Rajkummar Rao’s role as Shardul is spot-on. The emotionally-charged moments specifically are beautiful. He has a stronghold on his character, which he plays with complete elegance and honesty. Bhumi Pednekar’s character of Sumi is sensitive and subtle. 

Chum Darang makes a great debut in Bollywood with a role that takes boldness for a beginner to go along with. The creators must be praised here for launching an artiste from the northeast as a parallel lead, which is occasional in Hindi cinema. Gulshan Devaiah deserves a notable mention; his cameo is the stunner packet.
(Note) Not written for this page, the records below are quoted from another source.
(* Let $N\ge1$, $0<s<1$, let $G$ be an Orlicz function satisfying hypothesis (H) below with $p=\mathrm{index}(G)$, and let $u\in C_c^2(\mathbb{R}^N)$. Then for every $x\in\mathbb{R}^N$, \begin{equation*} \lim_{\delta\to0^+}\frac{p(1-s)}{G(\delta^{1-s})}\int_{B(x,\delta)}G\left(\frac{|u(x)-u(y)|}{|x-y|^{s}}\right)\frac{dy}{|x-y|^N}=K_{N,p}|\nabla u(x)|^{p}. \end{equation*}
   Context: An Orlicz function is a function $G:[0,\infty)\to[0,\infty)$ that is continuous, convex, increasing, with $G(0)=0$, satisfies $G(2t)\le \mathfrak{c}\,G(t)$ for all $t\ge0$ for some $\mathfrak{c}>2$, and $\lim_{t\to0^+}G(t)/t=0$. A positive measurable $F$ on $(0,\infty)$ is in $\mathcal{RV}_q(0)$ (regularly varying at $0$ with index $q$) if $\lim_{t\to0^+}F(\lambda t)/F(t)=\lambda^q$ for all $\lambda>0$. Hypothesis (H): $G\in\mathcal{RV}_p(0)$ is a piecewise smooth Orlicz function, $G'\in\mathcal{RV}_{p-1}(0)$, and writing $G(t)=t^p\ell(t)$, $\ell(t)\ge c_\ell>0$ for all $t>0$. $K_{N,p}=\int_{\mathbb{S}^{N-1}}|w\cdot e|^p\,d\sigma(w)$ for any unit vector $e$, $\sigma$ the surface measure. *)

theory Defs
  imports "HOL-Analysis.Analysis"
begin

text \<open>Orlicz function (as a real function; only its values on [0,\<infinity>) matter).\<close>
definition orlicz :: "(real \<Rightarrow> real) \<Rightarrow> bool" where
  "orlicz G \<longleftrightarrow>
     continuous_on {0..} G \<and> convex_on {0..} G \<and> mono_on {0..} G \<and>
     (\<forall>t\<ge>0. G t \<ge> 0) \<and> G 0 = 0 \<and>
     (\<exists>c>2. \<forall>t\<ge>0. G (2 * t) \<le> c * G t) \<and>
     ((\<lambda>t. G t / t) \<longlongrightarrow> 0) (at_right 0)"

definition RV0 :: "real \<Rightarrow> (real \<Rightarrow> real) \<Rightarrow> bool" where
  "RV0 q F \<longleftrightarrow>
     (\<forall>t>0. F t > 0) \<and> F \<in> borel_measurable (restrict_space borel {0<..}) \<and>
     (\<forall>a>0. ((\<lambda>t. F (a * t) / F t) \<longlongrightarrow> a powr q) (at_right 0))"

text \<open>Hypothesis (H): G is a piecewise smooth Orlicz function in RV_p(0) whose derivative
  G' (defined off a finite set of break points; any positive measurable choice there)
  is in RV_{p-1}(0), and G(t) = t^p l(t) with l bounded below by a positive constant.\<close>
definition hyp_H :: "(real \<Rightarrow> real) \<Rightarrow> real \<Rightarrow> bool" where
  "hyp_H G p \<longleftrightarrow>
     orlicz G \<and> RV0 p G \<and>
     (\<exists>G' S. finite S \<and>
        (\<forall>t\<in>{0<..} - S. (G has_real_derivative G' t) (at t)) \<and>
        continuous_on ({0<..} - S) G' \<and>
        RV0 (p - 1) G') \<and>
     (\<exists>c\<^sub>l>0. \<forall>t>0. G t / t powr p \<ge> c\<^sub>l)"

text \<open>Surface measure on the unit sphere of a Euclidean space of dimension N, via the cone
  construction: \<sigma>(A) = N \<cdot> |{r w : 0 < r \<le> 1, w \<in> A}|.\<close>
definition sphere_measure :: "'a::euclidean_space measure" where
  "sphere_measure =
     scale_measure (ennreal (real DIM('a)))
       (distr (restrict_space lborel (ball 0 1 - {0})) (restrict_space borel (sphere 0 1))
          (\<lambda>x. x /\<^sub>R norm x))"

definition K_const :: "'a::euclidean_space itself \<Rightarrow> real \<Rightarrow> real" where
  "K_const _ p = (let e = (SOME e::'a. e \<in> Basis) in
      integral\<^sup>L sphere_measure (\<lambda>w::'a. \<bar>w \<bullet> e\<bar> powr p))"

definition C2c :: "('a::euclidean_space \<Rightarrow> real) \<Rightarrow> bool" where
  "C2c u \<longleftrightarrow>
     (\<exists>(D :: 'a \<Rightarrow> ('a \<Rightarrow>\<^sub>L real)) (D2 :: 'a \<Rightarrow> ('a \<Rightarrow>\<^sub>L ('a \<Rightarrow>\<^sub>L real))).
        (\<forall>x. (u has_derivative blinfun_apply (D x)) (at x)) \<and>
        (\<forall>x. (D has_derivative blinfun_apply (D2 x)) (at x)) \<and>
        continuous_on UNIV D2) \<and>
     compact (closure {x. u x \<noteq> 0})"

definition grad :: "('a::euclidean_space \<Rightarrow> real) \<Rightarrow> 'a \<Rightarrow> 'a" where
  "grad u x = (\<Sum>b\<in>Basis. frechet_derivative u (at x) b *\<^sub>R b)"

end

theory Submission
  imports Defs "HOL-Probability.Probability"
begin

text \<open>Substituting \<open>y = x + \<delta> k\<close> turns the normalised integral into
  \<open>\<integral>\<^sub>B\<^sub>1 G(\<delta>\<^sup>1\<^sup>-\<^sup>s q\<^sub>\<delta>(k)) / G(\<delta>\<^sup>1\<^sup>-\<^sup>s) |k|\<^sup>-\<^sup>N dk\<close> with the difference ratio
  \<open>q\<^sub>\<delta>(k) = |u(x+\<delta>k) - u(x)| / (\<delta> |k|\<^sup>s)\<close>, which tends to \<open>q(k) = |\<nabla>u(x)\<cdot>k| / |k|\<^sup>s\<close>.
  As \<open>G\<close> is monotone and regularly varying with index \<open>p\<close>, the integrand tends to
  \<open>q(k)\<^sup>p |k|\<^sup>-\<^sup>N\<close>; convexity, the doubling condition and the local Lipschitz bound on \<open>u\<close>
  bound it by a multiple of \<open>|k|\<^sup>1\<^sup>-\<^sup>s\<^sup>-\<^sup>N\<close>, which is integrable on the unit ball, so dominated
  convergence applies. In polar coordinates the limit
  is \<open>|\<nabla>u(x)|\<^sup>p / (p(1-s))\<close> times the sphere integral of \<open>|w\<cdot>e|\<^sup>p\<close> for \<open>e = \<nabla>u(x)/|\<nabla>u(x)|\<close>.
  This sphere integral does not depend on the unit vector \<open>e\<close>: computing
  \<open>\<integral> |k\<cdot>e|\<^sup>p exp(-|k|\<^sup>2/2) dk\<close> in polar coordinates gives it times a radial factor, while the
  same integral is a moment of \<open>k\<cdot>e\<close>, which is standard normal under the Gaussian measure for
  every unit vector \<open>e\<close>.\<close>

section \<open>Orlicz functions and hypothesis (H)\<close>

lemma orlicz_nonneg: "orlicz G \<Longrightarrow> 0 \<le> t \<Longrightarrow> 0 \<le> G t"
  and orlicz_zero: "orlicz G \<Longrightarrow> G 0 = 0"
  and orlicz_continuous_on: "orlicz G \<Longrightarrow> continuous_on {0..} G"
  unfolding orlicz_def by auto

lemma orlicz_mono: "orlicz G \<Longrightarrow> 0 \<le> a \<Longrightarrow> a \<le> b \<Longrightarrow> G a \<le> G b"
  unfolding orlicz_def by (auto intro: mono_onD)

lemma orlicz_scale_le:
  assumes "orlicz G" "0 \<le> l" "l \<le> 1" "0 \<le> t"
  shows "G (l * t) \<le> l * G t"
proof -
  have "G ((1 - l) *\<^sub>R 0 + l *\<^sub>R t) \<le> (1 - l) * G 0 + l * G t"
    using assms unfolding orlicz_def by (intro convex_onD) auto
  then show ?thesis using orlicz_zero[OF assms(1)] by simp
qed

lemma orlicz_doubling_power_le:
  fixes G :: "real \<Rightarrow> real"
  assumes "\<forall>t\<ge>0. G (2 * t) \<le> c * G t" "0 \<le> c" "0 \<le> t"
  shows "G (2 ^ m * t) \<le> c ^ m * G t"
proof (induction m)
  case (Suc m)
  have "G (2 ^ Suc m * t) \<le> c * G (2 ^ m * t)"
    using assms(1)[rule_format, of "2 ^ m * t"] assms(3) by (simp add: mult.assoc)
  also have "\<dots> \<le> c ^ Suc m * G t"
    using mult_left_mono[OF Suc assms(2)] by (simp add: mult.assoc)
  finally show ?case .
qed simp

lemma orlicz_ratio_le_linear:
  assumes G: "orlicz G" and pos: "\<And>t. 0 < t \<Longrightarrow> 0 < G t"
  obtains C where "1 \<le> C" "\<And>t b. 0 < t \<Longrightarrow> 0 \<le> b \<Longrightarrow> b \<le> L \<Longrightarrow> G (t * b) / G t \<le> C * b"
proof -
  obtain c where c: "2 < c" "\<forall>t\<ge>0. G (2 * t) \<le> c * G t"
    using G unfolding orlicz_def by auto
  obtain m where m: "L < 2 ^ m" using real_arch_pow[of 2 L] by auto
  have c1: "1 \<le> c ^ m" using c by simp
  have "G (t * b) / G t \<le> c ^ m * b" if t: "0 < t" and b: "0 \<le> b" "b \<le> L" for t b
  proof (cases "b \<le> 1")
    case True
    have "G (t * b) \<le> b * G t"
      using orlicz_scale_le[OF G b(1) True, of t] t by (simp add: mult.commute)
    then have "G (t * b) / G t \<le> b" using pos[OF t] by (simp add: divide_le_eq)
    also have "\<dots> \<le> c ^ m * b" using c1 b by (simp add: mult_le_cancel_right1)
    finally show ?thesis .
  next
    case False
    have "G (t * b) \<le> G (2 ^ m * t)"
      using b m t by (intro orlicz_mono[OF G]) (auto simp: mult.commute)
    also have "\<dots> \<le> c ^ m * G t"
      using orlicz_doubling_power_le[OF c(2)] c(1) t by simp
    finally have "G (t * b) / G t \<le> c ^ m" using pos[OF t] by (simp add: divide_le_eq)
    also have "\<dots> \<le> c ^ m * b" using False c1 mult_left_mono[of 1 b "c ^ m"] by simp
    finally show ?thesis .
  qed
  then show thesis using that c1 by blast
qed

lemma orlicz_comp_measurable:
  assumes G: "orlicz G" and h: "h \<in> borel_measurable M" and "\<And>y. 0 \<le> h y"
  shows "(\<lambda>y. G (h y)) \<in> borel_measurable M"
proof -
  have "continuous_on UNIV (\<lambda>t. G (max 0 t))"
    by (rule continuous_on_compose2[OF orlicz_continuous_on[OF G]]) (auto intro!: continuous_intros)
  then have "(\<lambda>y. G (max 0 (h y))) \<in> borel_measurable M"
    by (intro measurable_compose[OF h] borel_measurable_continuous_onI)
  then show ?thesis using assms(3) by (simp add: max_absorb2)
qed

lemma orlicz_ratio_tendsto_0:
  assumes G: "orlicz G" and pos: "\<And>t. 0 < t \<Longrightarrow> 0 < G t"
    and tf: "\<forall>\<^sub>F z in F. 0 < tf z"
    and bf: "(bf \<longlongrightarrow> 0) F" and bnn: "\<forall>\<^sub>F z in F. 0 \<le> bf z"
  shows "((\<lambda>z. G (tf z * bf z) / G (tf z)) \<longlongrightarrow> 0) F"
proof (rule tendsto_sandwich[OF _ _ tendsto_const bf])
  show "\<forall>\<^sub>F z in F. 0 \<le> G (tf z * bf z) / G (tf z)"
    using tf bnn by eventually_elim (simp add: orlicz_nonneg[OF G])
  show "\<forall>\<^sub>F z in F. G (tf z * bf z) / G (tf z) \<le> bf z"
    using tf bnn order_tendstoD(2)[OF bf zero_less_one]
  proof eventually_elim
    case (elim z)
    have "G (bf z * tf z) \<le> bf z * G (tf z)"
      using orlicz_scale_le[OF G] elim by simp
    then show ?case using pos[of "tf z"] elim by (simp add: divide_le_eq mult.commute)
  qed
qed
India and the queer community

Justice DY Chandrachud cited the late Justice Leila Seth and said, “The right that makes us human is the right to love. To criminalize the expression of that right is cruel and inhumane” when the Supreme Court decriminalised homosexuality in 2018. Films like Badhaai Do are necessary For a country where it took years to decriminalise consensual gay sex and where same-sex weddings are still not acknowledged by the law.

It normalises the issue for the average Indian family and initiates a dialogue. While Bollywood had several movies where the narratives revolve around the gay and lesbian community, this particular film tries to deliver a perspective to families, particularly in smaller towns. Rather than stepping away from them, the movie fetches families right into the centre of the discussion.